Figure 6: aheatmap of GBM consensus matrix

0.0.7 Final check of consensus cluster structure

A last analysis we recommend to do is to examine how the clusters are arranged in principal component space. To do this the PCA function can be run directly on the M3C output object.

  PCA2 <- pca(res, K=4)

We can see in the PCA that clusters 3 and 4 are close together. Doing a visual check like this allows the user to ensure there are no artifacts that have occured due to the assumptions of K means or PAM. An example would be a very large cluster next to a smaller one, these algorithms will often pull in samples from the larger cluster to balance the small one.
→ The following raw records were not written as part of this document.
section \<open>The Cuntz algebra and its so(3) derivations\<close>

definition star_derivation :: "(complex \<Rightarrow> 'a::ring_1) \<Rightarrow> ('a \<Rightarrow> 'a) \<Rightarrow> ('a \<Rightarrow> 'a) \<Rightarrow> bool" where
  "star_derivation sc st \<delta> \<longleftrightarrow>
     (\<forall>a b. \<delta> (a + b) = \<delta> a + \<delta> b) \<and> (\<forall>c. \<delta> (sc c) = 0) \<and>
     (\<forall>a b. \<delta> (a * b) = \<delta> a * b + a * \<delta> b) \<and> (\<forall>a. \<delta> (st a) = st (\<delta> a))"

lemma so3_derivations_star_derivation:
  "so3_derivations sc st S der \<Longrightarrow> i \<in> {1..3} \<Longrightarrow> star_derivation sc st (der i)"
  unfolding so3_derivations_def star_derivation_def by blast

locale cuntz3_so3 =
  fixes sc :: "complex \<Rightarrow> 'a::ring_1" and st :: "'a \<Rightarrow> 'a" and S :: "nat \<Rightarrow> 'a"
    and der :: "nat \<Rightarrow> 'a \<Rightarrow> 'a"
  assumes cuntz3: "cuntz3_algebra sc st S"
    and so3: "so3_derivations sc st S der"

sublocale cuntz3_so3 \<subseteq> central_scalars sc
  using cuntz3 unfolding cuntz3_algebra_def by unfold_locales blast+

context cuntz3_so3
begin

lemma st_add: "st (a + b) = st a + st b"
  using cuntz3 unfolding cuntz3_algebra_def by blast

lemma st_0 [simp]: "st 0 = 0"
  using st_add[of 0 0] by simp

lemma st_neg: "st (- a) = - st a"
  using st_add[of a "- a"] by (simp add: eq_neg_iff_add_eq_0 add.commute)

lemma st_diff: "st (a - b) = st a - st b"
  using st_add[of a "- b"] by (simp add: st_neg)

lemma Sstar_S_self: "i \<in> {1..3} \<Longrightarrow> st (S i) * S i = 1"
  using cuntz3 unfolding cuntz3_algebra_def by blast

lemma sum_S_Sstar: "(\<Sum>m\<in>{1..3}. S m * st (S m)) = 1"
  using cuntz3 unfolding cuntz3_algebra_def sum_upto_3 by blast

lemma der_S:
  "der 1 (S 1) = 0" "der 1 (S 2) = - S 3" "der 1 (S 3) = S 2"
  "der 2 (S 1) = - S 3" "der 2 (S 2) = 0" "der 2 (S 3) = S 1"
  "der 3 (S 1) = S 2" "der 3 (S 2) = - S 1" "der 3 (S 3) = 0"
  using so3 unfolding so3_derivations_def by blast+

context
  fixes \<delta> :: "'a \<Rightarrow> 'a"
  assumes \<delta>: "star_derivation sc st \<delta>"
begin

lemma star_derivation_add: "\<delta> (a + b) = \<delta> a + \<delta> b"
  and star_derivation_sc: "\<delta> (sc c) = 0"
  and star_derivation_mult: "\<delta> (a * b) = \<delta> a * b + a * \<delta> b"
  and star_derivation_st: "\<delta> (st a) = st (\<delta> a)"
  using \<delta> unfolding star_derivation_def by blast+

lemma star_derivation_0: "\<delta> 0 = 0"
  and star_derivation_1: "\<delta> 1 = 0"
  using star_derivation_sc[of 0] star_derivation_sc[of 1] by simp_all

lemma star_derivation_neg: "\<delta> (- a) = - \<delta> a"
  using star_derivation_add[of a "- a"] star_derivation_0
  by (simp add: eq_neg_iff_add_eq_0 add.commute)
(* Let $(X_n)_{n\ge0}$ be the Kendall random walk with step distribution $\nu\in\mathcal P_s$, $\nu(\{0\})=0$, let $\tau_a^+=\min\{n\ge1:X_n>a\}$, and let $t>a>0$ with $\nu(\{a\})=\nu(\{t\})=0$ and $G(t)\ne2G(a)$. Write $D=2G(a)-G(t)$ and $\Phi^a_n(t)=\mathbb P(X_{\tau_a^+}\le t,\ \tau_a^+=n)$. Then $\Phi^a_1(t)=F(t)-F(a)$, and for $n\ge2$ $$\begin{aligned}\Phi^a_n(t)={}&\Big(\frac{G(t)}2\Big)^{n-1}\Big[\frac{2G(a)H(a)(G(t)-G(a))}{D^2}-\frac{G(a)^2}{D}+\frac{(n-1)C_1H(t)}{G(t)}-\frac{G(a)H(t)}{D}\Big(C_3-\frac{C_2G(t)}{D}\Big)+II(1,a,t)\Big]\\ &+G(a)^{n-1}\Big[\frac{(nH(a)+G(a))(G(t)-G(a))}{D}-\frac{G(a)G(t)H(a)}{D^2}+\frac{G(a)H(t)C_2n}{D}\\&\qquad+\frac{G(t)H(t)}{D}\Big(\frac{C_3-C_2}2-\frac{G(a)C_2}{D}\Big)+\frac{H(t)(C_3-C_2)}2\Big],\end{aligned}$$ where $II(1,a,t)=\frac12(H(a)+H(t)+G(a)+G(t))$, $I(1,a,t)=\tfrac12G(t)+\tfrac12H(a)\Psi(\tfrac at)+\tfrac12G(a)$, $C_1=I(1,a,t)-\frac{G(a)}{D}\big[G(a)+H(a)\Psi(\frac at)(1-\frac{G(t)}{D})\big]$, $C_2=\frac{H(a)\Psi(\frac at)}{D}$, $C_3=\frac{H(a)\Psi(\frac at)+G(a)}{D}-\frac{2H(a)G(a)\Psi(\frac at)}{D^2}$.
   Context: Fix $\alpha>0$. $\mathcal P_s$ is the set of symmetric Borel probability measures on $\mathbb R$. For $x\in\mathbb R$, $\widetilde\delta_x=\frac12(\delta_x+\delta_{-x})$. For a probability measure $\lambda=\mathcal L(X)$ and $c>0$, $T_c\lambda=\mathcal L(cX)$, and $T_0\lambda=\delta_0$. $\widetilde\pi_{2\alpha}$ is the symmetric Pareto probability measure with density $\alpha|y|^{-2\alpha-1}\mathbf 1_{\{|y|\ge1\}}$. The Kendall convolution $\vartriangle_\alpha$ on $\mathcal P_s$ is defined by $\widetilde\delta_x\vartriangle_\alpha\widetilde\delta_y=T_M\big(\varrho^\alpha\widetilde\pi_{2\alpha}+(1-\varrho^\alpha)\widetilde\delta_1\big)$ where $M=\max(|x|,|y|)$, $m=\min(|x|,|y|)$, $\varrho=m/M$ (and $\varrho=0$ if $M=0$), extended by $(\nu_1\vartriangle_\alpha\nu_2)(A)=\int\int(\widetilde\delta_x\vartriangle_\alpha\widetilde\delta_y)(A)\,\nu_1(dx)\nu_2(dy)$. For $x\in\mathbb R$ and $\mu\in\mathcal P_s$ we write $\delta_x\vartriangle_\alpha\mu:=\widetilde\delta_x\vartriangle_\alpha\mu$. $\Psi(t)=(1-|t|^\alpha)_+$. For the measure $\nu$: $F(t)=\nu((-\infty,t])$, $G(t)=\int_{\mathbb R}\Psi(x/t)\,\nu(dx)$ for $t\neq0$, and for $t>0$, $H(t)=2F(t)-1-G(t)=t^{-\alpha}\int_{[-t,t]}|x|^\alpha\nu(dx)$. The Kendall random walk with step distribution $\nu$ is the Markov chain $(X_n)_{n\ge0}$ with $X_0=0$ and transition kernel $\mathbb P(X_{k+1}\in A\mid X_k=x)=(\delta_x\vartriangle_\alpha\nu)(A)$. *)

theory Defs
  imports "HOL-Probability.Probability"
begin

definition sym_pareto :: "real \<Rightarrow> real measure" where
  "sym_pareto \<alpha> = density lborel
     (\<lambda>y. ennreal (\<alpha> * \<bar>y\<bar> powr (-2*\<alpha>-1) * indicator {y. \<bar>y\<bar> \<ge> 1} y))"

definition sdelta :: "real \<Rightarrow> real set \<Rightarrow> real" where
  "sdelta x A = (indicator A x + indicator A (-x)) / 2"
lemma summable_on_product_nonneg:
  fixes u v :: "nat \<Rightarrow> real"
  assumes "\<And>r. u r \<ge> 0" "summable u" "\<And>m. v m \<ge> 0" "summable v"
  shows "(\<lambda>(r, m). u r * v m) summable_on UNIV"
proof -
  have "u summable_on UNIV" "v summable_on UNIV"
    using assms by (auto intro!: norm_summable_imp_summable_on)
  then have "(\<lambda>(r, m). u r * v m) summable_on Sigma UNIV (\<lambda>_. UNIV)"
    using assms by (intro summable_on_SigmaI[where g = "\<lambda>r. u r * infsum v UNIV"])
      (auto intro: has_sum_cmult_right summable_on_cmult_left)
  then show ?thesis
    by simp
qed

lemma diagonal_sums_eq_row_sums:
  fixes h :: "nat \<times> nat \<Rightarrow> 'a :: banach" and u v :: "nat \<Rightarrow> real"
  assumes bound: "\<And>r m. norm (h (r, m)) \<le> u r * v m"
    and u: "\<And>r. u r \<ge> 0" "summable u" and v: "\<And>m. v m \<ge> 0" "summable v"
    and rows: "\<And>r. (\<lambda>m. h (r, m)) sums g r"
  obtains S where "(\<lambda>n. \<Sum>r\<le>n. h (r, n - r)) sums S" and "g sums S"
proof
  have "(\<lambda>x. norm (h x)) summable_on UNIV"
    by (rule Infinite_Sum.abs_summable_on_comparison_test'[OF summable_on_product_nonneg[OF u v]])
      (auto simp: bound split: prod.split)
  then have h: "(h has_sum infsum h UNIV) (Sigma UNIV (\<lambda>_. UNIV))"
    by (simp add: abs_summable_summable)
  have "((\<lambda>(n, r). h (r, n - r)) has_sum infsum h UNIV) (Sigma UNIV (\<lambda>n. {..n}))
      = (h has_sum infsum h UNIV) (Sigma UNIV (\<lambda>_. UNIV))"
    by (rule has_sum_reindex_bij_witness[where i = "\<lambda>(r, m). (r + m, r)"
          and j = "\<lambda>(n, r). (r, n - r)"]) auto
  then have "((\<lambda>(n, r). h (r, n - r)) has_sum infsum h UNIV) (Sigma UNIV (\<lambda>n. {..n}))"
    using h by simp
  then have "((\<lambda>n. \<Sum>r\<le>n. h (r, n - r)) has_sum infsum h UNIV) UNIV"
    by (rule has_sum_SigmaD) (simp add: has_sum_finiteI)
  then show "(\<lambda>n. \<Sum>r\<le>n. h (r, n - r)) sums infsum h UNIV"
    by (rule has_sum_imp_sums)
  have "((\<lambda>m. h (r, m)) has_sum g r) UNIV" for r
  proof (rule norm_summable_imp_has_sum[OF _ rows])
    show "summable (\<lambda>m. norm (h (r, m)))"
      by (rule summable_comparison_test'[where N = 0, OF summable_mult[OF v(2), of "u r"]]) (simp add: bound)
  qed
  then have "(g has_sum infsum h UNIV) UNIV"
    by (rule has_sum_SigmaD[OF h])
  then show "g sums infsum h UNIV"
    by (rule has_sum_imp_sums)
qed

lemma qpoch_0 [simp]: "qpoch x p 0 = 1"
  by (simp add: qpoch_def)

lemma qpoch_Suc: "qpoch x p (Suc n) = qpoch x p n * (1 - x * p ^ n)"
  by (simp add: qpoch_def)

lemma qpoch_0_left [simp]: "qpoch 0 p n = 1"
  by (simp add: qpoch_def)

lemma tendsto_qpoch [tendsto_intros]:
  "(f \<longlongrightarrow> x) F \<Longrightarrow> ((\<lambda>y. qpoch (f y) p n) \<longlongrightarrow> qpoch x p n) F"
  unfolding qpoch_def by (intro tendsto_intros)

lemma qpoch_add: "qpoch x p (n + m) = qpoch x p n * qpoch (x * p ^ n) p m"
  by (induction m) (simp_all add: qpoch_Suc power_add mult_ac)

lemma qpoch_self_Suc: "qpoch p p (Suc n) = qpoch p p n * (1 - p ^ Suc n)"
  by (simp add: qpoch_Suc)

lemma qpoch_square_Suc:
  "qpoch (q^2) (q^2) (Suc n) = qpoch (q^2) (q^2) n * (1 - q ^ (2 * n + 2))"
  by (simp add: qpoch_Suc power_mult[symmetric] power_add[symmetric] mult.commute)

lemma qpoch_eq_0_iff: "qpoch x p n = 0 \<longleftrightarrow> (\<exists>k<n. x * p ^ k = 1)"
  by (auto simp: qpoch_def)

lemma all_qpoch_neq_0_iff: "(\<forall>n. qpoch x p n \<noteq> 0) \<longleftrightarrow> (\<forall>k. x * p ^ k \<noteq> 1)"
  by (auto simp: qpoch_eq_0_iff)

lemma one_pm_power_neq_0:
  fixes p :: complex
  assumes "norm p < 1" "k > 0"
  shows "1 - p ^ k \<noteq> 0" "1 + p ^ k \<noteq> 0"
proof -
  have "norm (p ^ k) < 1"
    using assms by (simp add: norm_power power_less_one_iff)
  then show "1 - p ^ k \<noteq> 0" "1 + p ^ k \<noteq> 0"
    by (auto simp: add_eq_0_iff)
qed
Figure 7: PCA of a 4 cluster simulated dataset

Figure 7: PCA of a 4 cluster simulated dataset

0.0.8 Generating simulated data

We have included a function for generating simulated data to test various clustering algorithms. This cluster simulator is simple to use. Using the code below, clustersim generates a dataset with 225 samples, 900 features, a radius cut-off for the initial square of 8, a cluster number of 4, a seperation of clusters of 0.75, and a degree of noise added to each co-ordinate of 0.025. After running, a PCA will print of the data so we can visualise the 4 clusters in principle component space.

  res <- clustersim(225, 900, 8, 4, 0.75, 0.025, print = FALSE, seed=123)
Figure 7: PCA of a 4 cluster simulated dataset

Figure 7: PCA of a 4 cluster simulated dataset

0.0.9 Conclusions

In this tutorial, we have seen that M3C provides a rigourous approach for selecting the number of clusters in the data opposed to relying on relative scores. We have found in our analyses this approach results in increased performance relative to other methods and the removal of systematic bias inherant in the results. Building on prior work (Tibshirani et al., 2001; Șenbabaoğlu et al., 2014), M3C represents a conceptual step forward for class discovery algorithms.

0.0.10 References

Monti, Stefano, et al. “Consensus clustering: a resampling-based method for class discovery and visualization of gene expression microarray data.” Machine learning 52.1 (2003): 91-118.

Șenbabaoğlu, Yasin, George Michailidis, and Jun Z. Li. “Critical limitations of consensus clustering in class discovery.” Scientific reports 4 (2014): 6207.

Tibshirani, Robert, Guenther Walther, and Trevor Hastie. “Estimating the number of clusters in a data set via the gap statistic.” Journal of the Royal Statistical Society: Series B (Statistical Methodology) 63.2 (2001): 411-423.